» WHAT THE EXERCISE ASKS: Beginning with the first line of the data below, reproduce every line unchanged, ending with the line that holds "x \<le> deriv".

Stored data

lemma bregman_mono_on_deriv:
  assumes B: "bregman_assumption \<phi>"
  shows "mono_on (interior (edom \<phi>)) (deriv (rphi \<phi>))"
proof (rule mono_onI)
  fix x y assume x: "x \<in> interior (edom \<phi>)" and y: "y \<in> interior (edom \<phi>)" and "x \<le> y"
  then show "deriv (rphi \<phi>) x \<le> deriv (rphi \<phi>) y"
    using convex_on_deriv_mono[OF bregman_convex_on_rphi[OF B] bregman_convex_edom[OF B]]
      bregman_has_real_derivative[OF B x] bregman_has_real_derivative[OF B y] by blast
qed

lemma bregman_abs_deriv_tendsto_at_top:
  assumes B: "bregman_assumption \<phi>"
    and b: "b \<in> {0..1}" "b \<notin> interior (edom \<phi>)"
    and s: "\<And>k. s k \<in> {0<..<1}" "s \<longlonglongrightarrow> b"
  shows "filterlim (\<lambda>k. \<bar>deriv (rphi \<phi>) (s k)\<bar>) at_top sequentially"
proof -
  note sub = bregman_open_unit_interval_subset[OF B]
  then have "closure {0<..<1::real} \<subseteq> closure (edom \<phi>)"
    using interior_subset by (intro closure_mono) blast
  with b have "b \<in> frontier (edom \<phi>)" unfolding frontier_def by auto
  with B s sub show ?thesis
    unfolding bregman_assumption_def legendre_type_def essentially_smooth_def by blast
qed

lemma bregman_zero_in_interior:
  assumes B: "bregman_assumption \<phi>" and "dphi0 \<phi> \<noteq> -\<infinity>"
  shows "0 \<in> interior (edom \<phi>)"
proof (rule ccontr)
  assume boundary: "0 \<notin> interior (edom \<phi>)"
  from bregman_open_unit_interval_subset[OF B]
  have "filterlim (deriv (rphi \<phi>)) at_bot (at_right 0)"
    by (rule mono_on_tendsto_at_bot_at_right[OF mono_on_subset[OF bregman_mono_on_deriv[OF B]]])
      (auto intro: bregman_abs_deriv_tendsto_at_top[OF B _ boundary])
  then have "((\<lambda>x. ereal (deriv (rphi \<phi>) x)) \<longlongrightarrow> -\<infinity>) (at_right 0)"
    unfolding tendsto_MInfty filterlim_at_bot_dense by simp
  then have "dphi0 \<phi> = -\<infinity>"
    unfolding dphi0_def by (intro tendsto_Lim) simp_all
  with assms(2) show False by simp
qed

lemma bregman_one_in_interior:
  assumes B: "bregman_assumption \<phi>" and "dphi1 \<phi> \<noteq> \<infinity>"
  shows "1 \<in> interior (edom \<phi>)"
proof (rule ccontr)
  assume boundary: "1 \<notin> interior (edom \<phi>)"
  from bregman_open_unit_interval_subset[OF B]
  have "filterlim (deriv (rphi \<phi>)) at_top (at_left 1)"
    by (rule mono_on_tendsto_at_top_at_left[OF mono_on_subset[OF bregman_mono_on_deriv[OF B]]])
      (auto intro: bregman_abs_deriv_tendsto_at_top[OF B _ boundary])
  then have "((\<lambda>x. ereal (deriv (rphi \<phi>) x)) \<longlongrightarrow> \<infinity>) (at_left 1)"
    by (simp add: tendsto_PInfty_eq_at_top)
  then have "dphi1 \<phi> = \<infinity>"
    unfolding dphi1_def by (intro tendsto_Lim) simp_all
  with assms(2) show False by simp
qed

lemma transport_polytope_entry_le_one:
  assumes "prob_vec \<mu>" "X \<in> transport_polytope \<mu> \<nu>"
  shows "X i j \<le> 1"
proof -
  have "X i j \<le> (\<Sum>j\<in>UNIV. X i j)"
    using assms(2) by (intro member_le_sum) (auto simp: transport_polytope_def)
  also have "\<dots> = \<mu> i" using assms(2) by (simp add: transport_polytope_def)
  also have "\<dots> \<le> (\<Sum>i\<in>UNIV. \<mu> i)"
    using assms(1) by (intro member_le_sum) (auto simp: prob_vec_def)
  also have "\<dots> = 1" using assms(1) by (simp add: prob_vec_def)
  finally show ?thesis .
qed

lemma transport_polytope_total_mass:
  assumes "X \<in> transport_polytope \<mu> \<nu>"
  shows "(\<Sum>i\<in>UNIV. \<Sum>j\<in>UNIV. X i j) = (\<Sum>i\<in>UNIV. \<mu> i)"
  using assms by (simp add: transport_polytope_def)

lemma target_set_subset_transport_polytope:
  "target_set \<phi> \<mu> \<nu> \<subseteq> transport_polytope \<mu> \<nu>"
  unfolding target_set_def by auto

lemma target_set_entry_in_interior:
  assumes B: "bregman_assumption \<phi>" and "prob_vec \<mu>" and X: "X \<in> target_set \<phi> \<mu> \<nu>"
  shows "X i j \<in> interior (edom \<phi>)"
proof -
  have "X \<in> transport_polytope \<mu> \<nu>"
    using X target_set_subset_transport_polytope by blast
  then have "0 \<le> X i j" "X i j \<le> 1"
    using transport_polytope_entry_le_one[OF \<open>prob_vec \<mu>\<close>]
    by (auto simp: transport_polytope_def)
  then consider "X i j = 0" | "X i j = 1" | "X i j \<in> {0<..<1}" by fastforce
  then show ?thesis
  proof cases
    case 1
    have "dphi0 \<phi> \<noteq> -\<infinity>"
      using X 1 unfolding target_set_def by (auto split: if_splits; metis less_irrefl)
    with 1 show ?thesis using bregman_zero_in_interior[OF B] by simp
  next
    case 2
    have "dphi1 \<phi> \<noteq> \<infinity>"
      using X 2 unfolding target_set_def by (auto split: if_splits; metis less_irrefl)
    with 2 show ?thesis using bregman_one_in_interior[OF B] by simp
  next
    case 3
    with bregman_open_unit_interval_subset[OF B] show ?thesis by blast
  qed
qed

lemma reg_obj_eq_ereal:
  assumes "bregman_assumption \<phi>" "\<And>i j. Y i j \<in> edom \<phi>"
  shows "reg_obj \<phi> \<gamma> C Y = ereal ((\<Sum>i\<in>UNIV. \<Sum>j\<in>UNIV. C i j * Y i j)
      + \<gamma> * (\<Sum>i\<in>UNIV. \<Sum>j\<in>UNIV. rphi \<phi> (Y i j)))"
  using bregman_ereal_rphi[OF assms(1) assms(2)] by (simp add: reg_obj_def)

lemma reg_obj_eq_infinity:
  assumes "\<gamma> > 0" "Y i j \<notin> edom \<phi>"
  shows "reg_obj \<phi> \<gamma> C Y = \<infinity>"
proof -
  have "\<phi> (Y i j) = \<infinity>" using assms(2) by (simp add: edom_def)
  then have "(\<Sum>i\<in>UNIV. \<Sum>j\<in>UNIV. \<phi> (Y i j)) = \<infinity>" by (auto simp: sum_Pinfty)
  with assms(1) show ?thesis by (simp add: reg_obj_def)
qed

lemma Fmap_eqI:
  assumes "X \<in> transport_polytope \<mu> \<nu>"
    and "\<And>Y. Y \<in> transport_polytope \<mu> \<nu> \<Longrightarrow> Y \<noteq> X \<Longrightarrow> reg_obj \<phi> \<gamma> C X < reg_obj \<phi> \<gamma> C Y"
  shows "Fmap \<phi> \<gamma> \<mu> \<nu> C = X"
  unfolding Fmap_def
proof (rule the_equality)
  show "X \<in> transport_polytope \<mu> \<nu> \<and> (\<forall>Y\<in>transport_polytope \<mu> \<nu>. reg_obj \<phi> \<gamma> C X \<le> reg_obj \<phi> \<gamma> C Y)"
    using assms by (metis order.order_iff_strict)
next
  fix Y assume "Y \<in> transport_polytope \<mu> \<nu> \<and>
    (\<forall>Z\<in>transport_polytope \<mu> \<nu>. reg_obj \<phi> \<gamma> C Y \<le> reg_obj \<phi> \<gamma> C Z)"
  with assms show "Y = X" by (meson leD)
qed

lemma reg_obj_strict_min_at_gradient_cost:
  fixes X Y :: "'n::finite \<Rightarrow> 'n \<Rightarrow> real" and K \<gamma> :: real and \<phi> :: "real \<Rightarrow> ereal"
  defines "C \<equiv> \<lambda>i j. K - \<gamma> * deriv (rphi \<phi>) (X i j)"
  assumes B: "bregman_assumption \<phi>" and "\<gamma> > 0"
    and X: "X \<in> transport_polytope \<mu> \<nu>" "\<And>i j. X i j \<in> interior (edom \<phi>)"
    and Y: "Y \<in> transport_polytope \<mu> \<nu>" "Y \<noteq> X"
  shows "reg_obj \<phi> \<gamma> C X < reg_obj \<phi> \<gamma> C Y"
proof -
  let ?r = "rphi \<phi>" and ?d = "deriv (rphi \<phi>)"
  have X_dom: "X i j \<in> edom \<phi>" for i j using X(2) interior_subset by blast
  show ?thesis
  proof (cases "\<forall>i j. Y i j \<in> edom \<phi>")
    case False
    then obtain i j where "Y i j \<notin> edom \<phi>" by blast
    then show ?thesis
      by (simp add: reg_obj_eq_infinity[OF \<open>\<gamma> > 0\<close>] reg_obj_eq_ereal[OF B X_dom])
  next
    case True
    define D where "D i j = ?r (Y i j) - ?r (X i j) - ?d (X i j) * (Y i j - X i j)" for i j
    have D_pos: "0 < D i j" if "Y i j \<noteq> X i j" for i j
      using bregman_strict_above_tangent[OF B X(2) _ that] True by (simp add: D_def)
    have D_nonneg: "0 \<le> D i j" for i j
      using D_pos[of i j] by (cases "Y i j = X i j") (auto simp: D_def)
    obtain i0 j0 where "Y i0 j0 \<noteq> X i0 j0" using Y(2) by blast
    then have "0 < (\<Sum>j\<in>UNIV. D i0 j)"
      using D_pos D_nonneg by (rule_tac sum_pos2[where i = j0]) auto
    then have "0 < (\<Sum>i\<in>UNIV. \<Sum>j\<in>UNIV. D i j)"
      using D_nonneg by (rule_tac sum_pos2[where i = i0]) (auto intro: sum_nonneg)
    have "(\<Sum>i\<in>UNIV. \<Sum>j\<in>UNIV. C i j * Y i j) + \<gamma> * (\<Sum>i\<in>UNIV. \<Sum>j\<in>UNIV. ?r (Y i j))
        - ((\<Sum>i\<in>UNIV. \<Sum>j\<in>UNIV. C i j * X i j) + \<gamma> * (\<Sum>i\<in>UNIV. \<Sum>j\<in>UNIV. ?r (X i j)))
        = (\<Sum>i\<in>UNIV. \<Sum>j\<in>UNIV. K * (Y i j - X i j) + \<gamma> * D i j)"
      by (simp add: C_def D_def sum_subtractf sum.distrib sum_distrib_left algebra_simps)
    also have "\<dots> = K * ((\<Sum>i\<in>UNIV. \<Sum>j\<in>UNIV. Y i j) - (\<Sum>i\<in>UNIV. \<Sum>j\<in>UNIV. X i j))
        + \<gamma> * (\<Sum>i\<in>UNIV. \<Sum>j\<in>UNIV. D i j)"
      by (simp add: sum.distrib sum_distrib_left sum_subtractf right_diff_distrib)
    also have "\<dots> = \<gamma> * (\<Sum>i\<in>UNIV. \<Sum>j\<in>UNIV. D i j)"
      using transport_polytope_total_mass[OF X(1)] transport_polytope_total_mass[OF Y(1)] by simp
    also have "\<dots> > 0"
      using \<open>0 < (\<Sum>i\<in>UNIV. \<Sum>j\<in>UNIV. D i j)\<close> \<open>\<gamma> > 0\<close> by simp
    finally show ?thesis
      using True by (simp add: reg_obj_eq_ereal[OF B X_dom] reg_obj_eq_ereal[OF B])
  qed
qed

theorem proposition1:
  fixes \<mu> \<nu> :: "'n::finite \<Rightarrow> real" and \<gamma> :: real and \<phi> :: "real \<Rightarrow> ereal"
  assumes "prob_vec \<mu>" and "prob_vec \<nu>" and "\<gamma> > 0"
    and "bregman_assumption \<phi>"
    and "Xh \<in> target_set \<phi> \<mu> \<nu>"
  shows "\<exists>C::'n \<Rightarrow> 'n \<Rightarrow> real. (\<forall>i j. 0 \<le> C i j) \<and> Fmap \<phi> \<gamma> \<mu> \<nu> C = Xh"
proof -
  let ?d = "deriv (rphi \<phi>)"
  define K where "K = \<gamma> * (\<Sum>i\<in>UNIV. \<Sum>j\<in>UNIV. \<bar>?d (Xh i j)\<bar>)"
  define C where "C i j = K - \<gamma> * ?d (Xh i j)" for i j
  have XU: "Xh \<in> transport_polytope \<mu> \<nu>"
    using assms(5) target_set_subset_transport_polytope by blast
  have XI: "Xh i j \<in> interior (edom \<phi>)" for i j
    by (rule target_set_entry_in_interior[OF assms(4,1,5)])
  have "?d (Xh i j) \<le> (\<Sum>i\<in>UNIV. \<Sum>j\<in>UNIV. \<bar>?d (Xh i j)\<bar>)" for i j
    using abs_le_double_sum_abs[of "\<lambda>i j. ?d (Xh i j)" i j] by linarith
  then have "\<gamma> * ?d (Xh i j) \<le> K" for i j
    unfolding K_def using \<open>\<gamma> > 0\<close> by (simp add: mult_left_mono)
  then have "\<forall>i j. 0 \<le> C i j" by (simp add: C_def)
  moreover have "Fmap \<phi> \<gamma> \<mu> \<nu> C = Xh"
    using reg_obj_strict_min_at_gradient_cost[OF assms(4,3) XU XI]
    by (intro Fmap_eqI[OF XU]) (simp add: C_def[abs_def])
  ultimately show ?thesis by blast
qed

end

» SOLUTION FOR THIS TASK:
lemma bregman_mono_on_deriv:
  assumes B: "bregman_assumption \<phi>"
  shows "mono_on (interior (edom \<phi>)) (deriv (rphi \<phi>))"
proof (rule mono_onI)
  fix x y assume x: "x \<in> interior (edom \<phi>)" and y: "y \<in> interior (edom \<phi>)" and "x \<le> y"
  then show "deriv (rphi \<phi>) x \<le> deriv (rphi \<phi>) y"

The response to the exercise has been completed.